Tesla’s AI5 Chip Production Confirmed: TSMC AND Samsung Join Forces in Elon Musk’s Bold Move

Elon Musk just dropped a semiconductor bombshell—Tesla's cutting-edge AI5 chips will roll off production lines at both TSMC and Samsung facilities.
The Dual-Foundry Strategy
Musk's play splits manufacturing between the world's two largest chipmakers—a power move that secures supply chain diversity while pitting tech titans against each other. No more single-source dependency that's haunted automakers for years.
Production Power Play
This isn't just about securing capacity—it's about dominating next-generation automotive computing. Tesla's betting big that dual-sourcing will accelerate their AI ambitions while keeping costs competitive. Because nothing says innovation like making your suppliers compete for your business.
The semiconductor industry watches as Musk once again rewrites the rulebook—proving that in the high-stakes game of chip manufacturing, sometimes the best strategy is to play both sides. Wall Street analysts are already scrambling to update their models, because when Musk moves, markets follow—whether they understand the technology or not.
Samsung signs $16.5 billion deal and joins Tesla’s AI push
Back in July, Elon confirmed that Samsung WOULD also make Tesla’s AI6 chip, the next generation after the AI5. That followed a Cryptopolitan report about a $16.5 billion deal between the two companies, which gave Samsung’s foundry division one of its largest outside orders.
Elon had said then that Samsung was already handling the older AI4 chip, while TSMC was responsible for the AI5. The update now means both companies will be producing Tesla’s current AI hardware, splitting the workload across two supply chains.
Samsung may still trail TSMC, but this deal gives it a visible foothold in one of the most high-profile chip programs in the world.
For Tesla, it means less reliance on a single supplier and more production capacity as the company ramps up development for its autonomous driving software and humanoid robots.

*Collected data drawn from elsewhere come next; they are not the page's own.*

(* For all $n\ge 3$, $|F_n(321,1324)|=\frac{3}{2}n^2-\frac{13}{2}n+10$.
   Context: A permutation $\pi$ avoids a classical pattern $p\in S_k$ if no subsequence of $\pi$ of length $k$ is order-isomorphic to $p$. A Fishburn permutation is a permutation $\pi=\pi_1\cdots\pi_n$ of $[n]$ for which there are no indices $i<j$ with $\pi_j<\pi_i<\pi_{i+1}$ and $\pi_i=\pi_j+1$. $F_n(\sigma_1,\dots,\sigma_k)$ denotes the set of Fishburn permutations of length $n$ avoiding each of the classical patterns $\sigma_1,\dots,\sigma_k$. *)

theory Defs
  imports Complex_Main
begin

definition perms :: "nat \<Rightarrow> nat list set" where
  "perms n = {xs. distinct xs \<and> set xs = {1..n}}"

definition contains :: "nat list \<Rightarrow> nat list \<Rightarrow> bool" where
  "contains xs p \<longleftrightarrow> (\<exists>f :: nat \<Rightarrow> nat.
      (\<forall>a b. a < b \<and> b < length p \<longrightarrow> f a < f b) \<and>
      (\<forall>a < length p. f a < length xs) \<and>
      (\<forall>a < length p. \<forall>b < length p. (xs ! f a < xs ! f b \<longleftrightarrow> p ! a < p ! b)))"

definition avoids :: "nat list \<Rightarrow> nat list \<Rightarrow> bool" where
  "avoids xs p \<longleftrightarrow> \<not> contains xs p"

definition fishburn :: "nat list \<Rightarrow> bool" where
  "fishburn xs \<longleftrightarrow> \<not> (\<exists>i j. i < j \<and> j < length xs \<and> Suc i < length xs \<and>
      xs ! j < xs ! i \<and> xs ! i < xs ! Suc i \<and> xs ! i = xs ! j + 1)"

definition Fish :: "nat \<Rightarrow> nat list list \<Rightarrow> nat list set" where
  "Fish n ps = {xs \<in> perms n. fishburn xs \<and> (\<forall>p \<in> set ps. avoids xs p)}"

end

theory Submission
  imports Defs
begin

Elon didn’t reveal how the chip work will be divided, only saying both partners are “focused initially on AI5.”
But the call wasn’t just about chips. Musk completely skipped any update on EV demand, especially after the federal tax credit expired last month. There was no mention of Cybertruck, and he didn’t touch tariffs or fourth-quarter guidance either, which is pretty unusual..
Elon outlines robotaxi rollout and teases new Optimus robot
Instead of talking about cars or profits, Elon went straight to his comfort zone; robotaxis and robots. He told investors that the company’s self-driving plans are about to “take off like a shock wave.”
Elon claimed Tesla already has “millions of cars out there that, with a software update, become full self-driving cars,” adding that Tesla is “making a couple million a year.”
He said robotaxi service will begin in Austin by the end of this year, running without human drivers. By late 2025, the service should expand to eight to ten cities, though early versions will still keep drivers on board.
Tesla’s Chief Financial Officer Vaibhav Taneja added that adoption of FSD Supervised, the company’s partially automated system, remains “small,” with just 12% of users paying for it. He didn’t disclose pricing, only saying Tesla ran several promotions to boost signups.
After discussing robotaxis, Elon turned to the Optimus humanoid robot, saying it could become “the biggest product of all time.” The robot isn’t on the market yet, but he described new capabilities, saying “Optimus will be an incredible surgeon.”
Elon said that with both Optimus and self-driving tech, “you can actually create a world where there is no poverty, where everyone has access to the finest medical care.”
He also said Tesla would demo a new version called Optimus V3 in the first quarter of 2026, promising significant upgrades from the current prototype. The call ended with him returning to the robot topic over and over again, tying it to his controversial $1 trillion pay package.